BRIEF: Where does the word "finally" occur in the entries below? Copy every line that has it.

(Collected data entries)
———

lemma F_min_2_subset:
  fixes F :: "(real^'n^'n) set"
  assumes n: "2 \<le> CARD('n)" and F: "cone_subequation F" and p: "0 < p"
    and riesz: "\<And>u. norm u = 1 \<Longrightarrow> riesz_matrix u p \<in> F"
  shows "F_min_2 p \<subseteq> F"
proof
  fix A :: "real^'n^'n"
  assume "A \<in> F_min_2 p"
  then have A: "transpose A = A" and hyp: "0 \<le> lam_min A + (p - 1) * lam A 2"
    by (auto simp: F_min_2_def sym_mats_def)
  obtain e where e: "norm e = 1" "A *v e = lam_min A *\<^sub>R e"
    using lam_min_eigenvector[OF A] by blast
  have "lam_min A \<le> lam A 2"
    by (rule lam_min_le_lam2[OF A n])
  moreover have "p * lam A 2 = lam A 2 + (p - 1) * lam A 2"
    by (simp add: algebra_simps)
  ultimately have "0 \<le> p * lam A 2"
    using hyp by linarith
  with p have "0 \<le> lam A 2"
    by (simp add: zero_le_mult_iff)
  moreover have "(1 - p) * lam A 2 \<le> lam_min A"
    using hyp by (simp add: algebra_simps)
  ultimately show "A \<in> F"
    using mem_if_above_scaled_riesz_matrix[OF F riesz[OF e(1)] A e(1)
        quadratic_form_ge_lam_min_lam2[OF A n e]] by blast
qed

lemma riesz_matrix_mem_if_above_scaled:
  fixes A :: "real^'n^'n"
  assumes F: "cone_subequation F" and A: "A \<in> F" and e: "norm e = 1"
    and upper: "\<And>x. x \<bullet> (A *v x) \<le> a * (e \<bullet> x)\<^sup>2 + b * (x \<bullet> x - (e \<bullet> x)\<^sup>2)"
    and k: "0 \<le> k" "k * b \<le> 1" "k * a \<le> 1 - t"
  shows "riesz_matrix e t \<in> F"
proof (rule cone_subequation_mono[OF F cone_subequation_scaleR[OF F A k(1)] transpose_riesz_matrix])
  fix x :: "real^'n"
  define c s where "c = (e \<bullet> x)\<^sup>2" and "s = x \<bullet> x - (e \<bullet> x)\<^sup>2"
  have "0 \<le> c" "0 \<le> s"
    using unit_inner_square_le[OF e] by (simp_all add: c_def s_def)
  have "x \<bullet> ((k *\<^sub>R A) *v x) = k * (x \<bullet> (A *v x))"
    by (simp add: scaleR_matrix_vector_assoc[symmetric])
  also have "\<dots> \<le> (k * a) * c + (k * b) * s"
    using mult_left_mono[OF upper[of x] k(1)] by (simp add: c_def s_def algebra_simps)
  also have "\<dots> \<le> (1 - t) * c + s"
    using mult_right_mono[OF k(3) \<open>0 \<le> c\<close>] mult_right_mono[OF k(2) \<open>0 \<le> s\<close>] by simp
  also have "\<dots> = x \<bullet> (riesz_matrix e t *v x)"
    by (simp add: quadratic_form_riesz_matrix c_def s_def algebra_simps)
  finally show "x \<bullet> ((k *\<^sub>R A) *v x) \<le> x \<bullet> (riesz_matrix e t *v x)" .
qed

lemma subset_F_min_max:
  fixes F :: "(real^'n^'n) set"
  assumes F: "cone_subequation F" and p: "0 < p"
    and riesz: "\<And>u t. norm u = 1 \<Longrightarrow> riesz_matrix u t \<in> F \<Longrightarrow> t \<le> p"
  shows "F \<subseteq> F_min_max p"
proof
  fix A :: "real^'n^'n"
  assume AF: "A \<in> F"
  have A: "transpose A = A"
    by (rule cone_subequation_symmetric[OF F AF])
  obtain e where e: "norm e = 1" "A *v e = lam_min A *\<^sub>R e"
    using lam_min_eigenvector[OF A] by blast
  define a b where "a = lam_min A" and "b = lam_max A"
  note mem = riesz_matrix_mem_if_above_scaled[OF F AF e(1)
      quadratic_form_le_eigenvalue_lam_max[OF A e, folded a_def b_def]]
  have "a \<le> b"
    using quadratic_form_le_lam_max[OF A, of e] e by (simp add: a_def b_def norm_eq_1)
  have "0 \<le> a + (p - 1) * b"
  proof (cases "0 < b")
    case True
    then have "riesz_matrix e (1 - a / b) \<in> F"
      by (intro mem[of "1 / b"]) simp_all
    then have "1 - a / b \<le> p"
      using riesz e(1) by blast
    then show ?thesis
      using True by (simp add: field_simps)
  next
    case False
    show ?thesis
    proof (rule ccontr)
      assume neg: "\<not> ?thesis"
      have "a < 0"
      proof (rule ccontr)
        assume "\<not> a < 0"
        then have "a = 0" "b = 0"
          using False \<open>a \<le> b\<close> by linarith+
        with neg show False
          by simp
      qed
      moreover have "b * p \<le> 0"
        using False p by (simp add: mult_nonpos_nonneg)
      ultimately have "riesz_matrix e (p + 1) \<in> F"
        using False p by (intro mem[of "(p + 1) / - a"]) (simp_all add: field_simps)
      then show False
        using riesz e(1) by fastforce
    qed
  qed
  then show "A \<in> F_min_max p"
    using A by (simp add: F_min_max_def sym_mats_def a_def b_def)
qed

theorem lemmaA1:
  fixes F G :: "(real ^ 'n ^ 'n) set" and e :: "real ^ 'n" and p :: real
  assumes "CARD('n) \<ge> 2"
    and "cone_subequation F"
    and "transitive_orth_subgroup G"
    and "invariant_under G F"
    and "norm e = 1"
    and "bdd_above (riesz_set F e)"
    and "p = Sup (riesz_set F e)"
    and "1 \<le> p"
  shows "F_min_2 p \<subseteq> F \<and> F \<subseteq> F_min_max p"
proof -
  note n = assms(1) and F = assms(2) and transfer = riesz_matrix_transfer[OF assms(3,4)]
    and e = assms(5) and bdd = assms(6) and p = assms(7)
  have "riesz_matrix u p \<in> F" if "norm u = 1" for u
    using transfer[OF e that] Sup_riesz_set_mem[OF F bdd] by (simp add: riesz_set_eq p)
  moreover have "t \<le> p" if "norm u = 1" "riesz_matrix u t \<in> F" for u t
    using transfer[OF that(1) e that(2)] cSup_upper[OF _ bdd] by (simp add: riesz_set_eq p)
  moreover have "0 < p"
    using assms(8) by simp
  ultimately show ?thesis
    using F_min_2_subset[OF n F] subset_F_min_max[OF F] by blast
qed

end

———

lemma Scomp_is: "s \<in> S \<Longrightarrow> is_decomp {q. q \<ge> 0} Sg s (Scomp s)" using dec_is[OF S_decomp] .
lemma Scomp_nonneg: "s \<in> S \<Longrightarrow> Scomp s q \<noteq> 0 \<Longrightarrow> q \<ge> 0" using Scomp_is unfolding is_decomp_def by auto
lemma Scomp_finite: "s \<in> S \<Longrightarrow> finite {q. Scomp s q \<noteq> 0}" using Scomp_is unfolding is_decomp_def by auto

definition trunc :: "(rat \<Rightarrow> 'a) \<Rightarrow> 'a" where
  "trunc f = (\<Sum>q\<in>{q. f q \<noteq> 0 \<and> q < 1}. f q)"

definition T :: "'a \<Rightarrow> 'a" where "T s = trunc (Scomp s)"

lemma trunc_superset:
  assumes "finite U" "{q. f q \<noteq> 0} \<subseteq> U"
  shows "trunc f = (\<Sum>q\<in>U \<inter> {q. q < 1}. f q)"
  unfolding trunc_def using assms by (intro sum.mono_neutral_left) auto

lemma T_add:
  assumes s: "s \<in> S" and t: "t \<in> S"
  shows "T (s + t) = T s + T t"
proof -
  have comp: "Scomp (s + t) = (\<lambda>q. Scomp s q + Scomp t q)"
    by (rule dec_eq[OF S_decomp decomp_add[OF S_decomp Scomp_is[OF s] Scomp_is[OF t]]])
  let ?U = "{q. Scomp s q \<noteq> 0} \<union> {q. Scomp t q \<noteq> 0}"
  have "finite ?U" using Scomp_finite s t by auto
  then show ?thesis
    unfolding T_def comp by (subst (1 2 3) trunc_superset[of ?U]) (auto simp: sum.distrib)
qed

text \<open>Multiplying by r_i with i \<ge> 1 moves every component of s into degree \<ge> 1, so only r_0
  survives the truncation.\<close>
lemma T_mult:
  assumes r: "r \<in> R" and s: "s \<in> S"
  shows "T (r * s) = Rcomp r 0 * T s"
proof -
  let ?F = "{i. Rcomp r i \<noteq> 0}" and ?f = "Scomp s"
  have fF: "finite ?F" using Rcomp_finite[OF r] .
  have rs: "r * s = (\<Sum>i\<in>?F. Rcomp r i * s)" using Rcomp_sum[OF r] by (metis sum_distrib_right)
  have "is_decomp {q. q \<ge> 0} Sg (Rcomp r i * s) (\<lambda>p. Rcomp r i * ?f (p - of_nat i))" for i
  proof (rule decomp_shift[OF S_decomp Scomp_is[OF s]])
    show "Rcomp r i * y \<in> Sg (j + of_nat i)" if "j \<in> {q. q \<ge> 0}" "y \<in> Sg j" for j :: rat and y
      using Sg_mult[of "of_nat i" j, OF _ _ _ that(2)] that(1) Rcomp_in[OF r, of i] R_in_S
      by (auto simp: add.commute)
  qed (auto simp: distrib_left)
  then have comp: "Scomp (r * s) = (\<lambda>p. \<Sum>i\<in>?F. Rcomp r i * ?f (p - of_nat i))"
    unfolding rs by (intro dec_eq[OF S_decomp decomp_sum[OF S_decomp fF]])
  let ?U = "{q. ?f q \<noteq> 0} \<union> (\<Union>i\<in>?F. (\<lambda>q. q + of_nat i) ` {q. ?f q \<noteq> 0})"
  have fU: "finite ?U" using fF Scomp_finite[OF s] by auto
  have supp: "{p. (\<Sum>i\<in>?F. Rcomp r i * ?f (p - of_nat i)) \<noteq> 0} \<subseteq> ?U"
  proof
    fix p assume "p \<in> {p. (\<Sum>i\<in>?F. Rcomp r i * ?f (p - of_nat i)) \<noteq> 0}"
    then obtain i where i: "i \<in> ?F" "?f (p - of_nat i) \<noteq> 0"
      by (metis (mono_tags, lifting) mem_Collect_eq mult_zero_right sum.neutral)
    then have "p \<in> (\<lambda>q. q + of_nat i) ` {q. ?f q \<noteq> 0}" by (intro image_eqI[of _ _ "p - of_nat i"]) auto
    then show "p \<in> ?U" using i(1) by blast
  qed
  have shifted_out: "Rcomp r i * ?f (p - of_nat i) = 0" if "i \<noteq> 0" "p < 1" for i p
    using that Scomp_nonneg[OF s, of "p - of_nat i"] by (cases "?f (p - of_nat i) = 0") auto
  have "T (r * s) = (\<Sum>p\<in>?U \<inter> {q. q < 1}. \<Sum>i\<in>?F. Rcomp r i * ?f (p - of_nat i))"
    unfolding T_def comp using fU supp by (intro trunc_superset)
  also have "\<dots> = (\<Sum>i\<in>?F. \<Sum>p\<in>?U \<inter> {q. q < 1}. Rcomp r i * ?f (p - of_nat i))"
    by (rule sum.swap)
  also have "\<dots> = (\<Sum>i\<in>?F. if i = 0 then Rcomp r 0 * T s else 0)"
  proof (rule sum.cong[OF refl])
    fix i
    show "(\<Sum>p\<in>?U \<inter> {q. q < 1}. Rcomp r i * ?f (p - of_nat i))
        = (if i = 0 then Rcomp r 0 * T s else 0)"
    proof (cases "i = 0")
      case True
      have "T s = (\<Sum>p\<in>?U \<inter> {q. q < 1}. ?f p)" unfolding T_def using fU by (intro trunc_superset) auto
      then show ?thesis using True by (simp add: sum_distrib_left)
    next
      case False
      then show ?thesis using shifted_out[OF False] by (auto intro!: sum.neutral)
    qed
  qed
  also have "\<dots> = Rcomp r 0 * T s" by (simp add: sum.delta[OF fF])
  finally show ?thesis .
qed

———

SOLVED PROBLEM:
  finally show "x \<bullet> ((k *\<^sub>R A) *v x) \<le> x \<bullet> (riesz_matrix e t *v x)" .
  finally show ?thesis .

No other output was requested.